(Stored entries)
(* Let $\mathbb{X}$ be a reflexive Kadets-Klee real Banach space and $\mathbb{Y}$ any real Banach space (both of dimension greater than $1$). Let $T\in\mathbb{K}(\mathbb{X},\mathbb{Y})$ with $\|T\|=1$ be a smooth point of $\mathbb{K}(\mathbb{X},\mathbb{Y})$. Then for each $\epsilon>0$, $T$ admits a uniform $\epsilon$-BPB approximation $A\in\mathbb{L}(\mathbb{X},\mathbb{Y})$ with $A\neq T$.
   Context: $\mathbb{K}(\mathbb{X},\mathbb{Y})$ (resp. $\mathbb{L}(\mathbb{X},\mathbb{Y})$) denotes the compact (resp. bounded) linear operators with the operator norm; $S_{\mathbb{X}}$ is the unit sphere. $\mathbb{X}$ is Kadets-Klee if $x_n\to x$ weakly and $\|x_n\|\to\|x\|$ imply $\|x_n-x\|\to0$. A nonzero element $x$ of a Banach space $\mathbb{Z}$ is a smooth point if there is a unique $f\in\mathbb{Z}^*$ with $\|f\|=1$ and $f(x)=\|x\|$. For $T$ with $\|T\|=1$ and fixed $\epsilon>0$, an operator $A\in\mathbb{L}(\mathbb{X},\mathbb{Y})$ with $\|A\|=1$ is a uniform $\epsilon$-BPB approximation of $T$ if there exists $\delta(\epsilon)>0$ such that whenever $x_0\in S_{\mathbb{X}}$ satisfies $\|Tx_0\|>1-\delta(\epsilon)$, there exists $u_0\in S_{\mathbb{X}}$ with $\|Au_0\|=1$, $\|u_0-x_0\|<\epsilon$ and $\|A-T\|<\epsilon$. Such an $A$ is called nontrivial if $A\neq T$. *)

theory Defs
  imports "HOL-Analysis.Analysis"
begin

definition compact_op :: "('a::real_normed_vector \<Rightarrow>\<^sub>L 'b::real_normed_vector) \<Rightarrow> bool" where
  "compact_op T \<longleftrightarrow> compact (closure (blinfun_apply T ` cball 0 1))"

definition reflexive_space :: "'a::real_normed_vector itself \<Rightarrow> bool" where
  "reflexive_space _ \<longleftrightarrow>
     (\<forall>\<phi> :: ('a \<Rightarrow>\<^sub>L real) \<Rightarrow>\<^sub>L real. \<exists>x::'a. \<forall>f. blinfun_apply \<phi> f = blinfun_apply f x)"

definition weakly_tendsto :: "(nat \<Rightarrow> 'a::real_normed_vector) \<Rightarrow> 'a \<Rightarrow> bool" where
  "weakly_tendsto xs x \<longleftrightarrow>
     (\<forall>f :: 'a \<Rightarrow>\<^sub>L real. (\<lambda>n. blinfun_apply f (xs n)) \<longlonglongrightarrow> blinfun_apply f x)"

definition kadets_klee :: "'a::real_normed_vector itself \<Rightarrow> bool" where
  "kadets_klee _ \<longleftrightarrow>
     (\<forall>(xs :: nat \<Rightarrow> 'a) x. weakly_tendsto xs x \<and> (\<lambda>n. norm (xs n)) \<longlonglongrightarrow> norm x
        \<longrightarrow> (\<lambda>n. norm (xs n - x)) \<longlonglongrightarrow> 0)"

definition dim_gt_one :: "'a::real_vector itself \<Rightarrow> bool" where
  "dim_gt_one _ \<longleftrightarrow> (\<exists>x y :: 'a. \<forall>a b. a *\<^sub>R x + b *\<^sub>R y = 0 \<longrightarrow> a = 0 \<and> b = 0)"

definition support_functional :: "'v::real_normed_vector set \<Rightarrow> 'v \<Rightarrow> ('v \<Rightarrow> real) \<Rightarrow> bool" where
  "support_functional S z f \<longleftrightarrow>
     (\<forall>u\<in>S. \<forall>v\<in>S. \<forall>a b. f (a *\<^sub>R u + b *\<^sub>R v) = a * f u + b * f v) \<and>
     (\<forall>u\<in>S. \<bar>f u\<bar> \<le> norm u) \<and> f z = norm z"

definition smooth_point_in :: "'v::real_normed_vector set \<Rightarrow> 'v \<Rightarrow> bool" where
  "smooth_point_in S z \<longleftrightarrow> z \<in> S \<and> z \<noteq> 0 \<and>
     (\<exists>f. support_functional S z f) \<and>
     (\<forall>f g. support_functional S z f \<and> support_functional S z g \<longrightarrow> (\<forall>u\<in>S. f u = g u))"

definition uniform_BPB_approx ::
    "('a::real_normed_vector \<Rightarrow>\<^sub>L 'b::real_normed_vector) \<Rightarrow> real \<Rightarrow> ('a \<Rightarrow>\<^sub>L 'b) \<Rightarrow> bool" where
  "uniform_BPB_approx T \<epsilon> A \<longleftrightarrow> norm A = 1 \<and>
     (\<exists>\<delta>>0. \<forall>x0. norm x0 = 1 \<and> norm (blinfun_apply T x0) > 1 - \<delta> \<longrightarrow>
        (\<exists>u0. norm u0 = 1 \<and> norm (blinfun_apply A u0) = 1 \<and> norm (u0 - x0) < \<epsilon> \<and> norm (A - T) < \<epsilon>))"

end

(*
  Smoothness of T in K(X,Y) forces all norming vectors of T to be +x1 or -x1 for a single x1:
  the support functionals S \<mapsto> g (S x) at T must agree on rank-one operators.  Since T is
  compact, the images of a norming sequence have a convergent subsequence; by reflexivity
  (Tychonoff in the bidual) it has weak cluster points, which are norming vectors mapped to
  the limit, hence all equal, so the subsequence converges weakly, and in norm by the
  Kadets--Klee property.  Therefore every almost norming unit vector is uniformly close to
  +x1 or -x1, and any norm-one A attaining its norm at x1 with norm (A - T) < \<epsilon> is a uniform
  \<epsilon>-BPB approximation of T; such an A \<noteq> T is a rank-one perturbation of T.
*)
theory Submission
  imports Defs
begin

section \<open>Norming functionals\<close>

definition dominated_linear_graph :: "('v::real_normed_vector \<times> real) set \<Rightarrow> bool" where
  "dominated_linear_graph G \<longleftrightarrow>
     (\<forall>u a v b s t. (u, a) \<in> G \<longrightarrow> (v, b) \<in> G \<longrightarrow> (s *\<^sub>R u + t *\<^sub>R v, s * a + t * b) \<in> G) \<and>
     (\<forall>u a. (u, a) \<in> G \<longrightarrow> a \<le> norm u)"

lemma dominated_linear_graph_lincomb:
  "dominated_linear_graph G \<Longrightarrow> (u, a) \<in> G \<Longrightarrow> (v, b) \<in> G \<Longrightarrow> (s *\<^sub>R u + t *\<^sub>R v, s * a + t * b) \<in> G"
  unfolding dominated_linear_graph_def by blast

lemma dominated_linear_graph_scale:
  "dominated_linear_graph G \<Longrightarrow> (u, a) \<in> G \<Longrightarrow> (s *\<^sub>R u, s * a) \<in> G"
  using dominated_linear_graph_lincomb[of G u a u a s 0] by simp

lemma dominated_linear_graph_le_norm:
  "dominated_linear_graph G \<Longrightarrow> (u, a) \<in> G \<Longrightarrow> a \<le> norm u"
  unfolding dominated_linear_graph_def by blast

lemma dominated_linear_graph_Union_chain:
  assumes C: "C \<in> chains {G. dominated_linear_graph G}"
  shows "dominated_linear_graph (\<Union>C)"
proof -
  have "(s *\<^sub>R u + t *\<^sub>R v, s * a + t * b) \<in> \<Union>C" if uv: "(u, a) \<in> \<Union>C" "(v, b) \<in> \<Union>C" for u a v b s t
  proof -
    obtain X where "X \<in> C" "(u, a) \<in> X" "(v, b) \<in> X"
      using uv chainsD[OF C] by blast
    thus ?thesis using chainsD2[OF C] dominated_linear_graph_lincomb by blast
  qed
  thus ?thesis
    using chainsD2[OF C] unfolding dominated_linear_graph_def by blast
qed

### TASK ITEM
Tally each line in the data that holds the word "rank"; write only the total.

### EXERCISE RESPONSE
2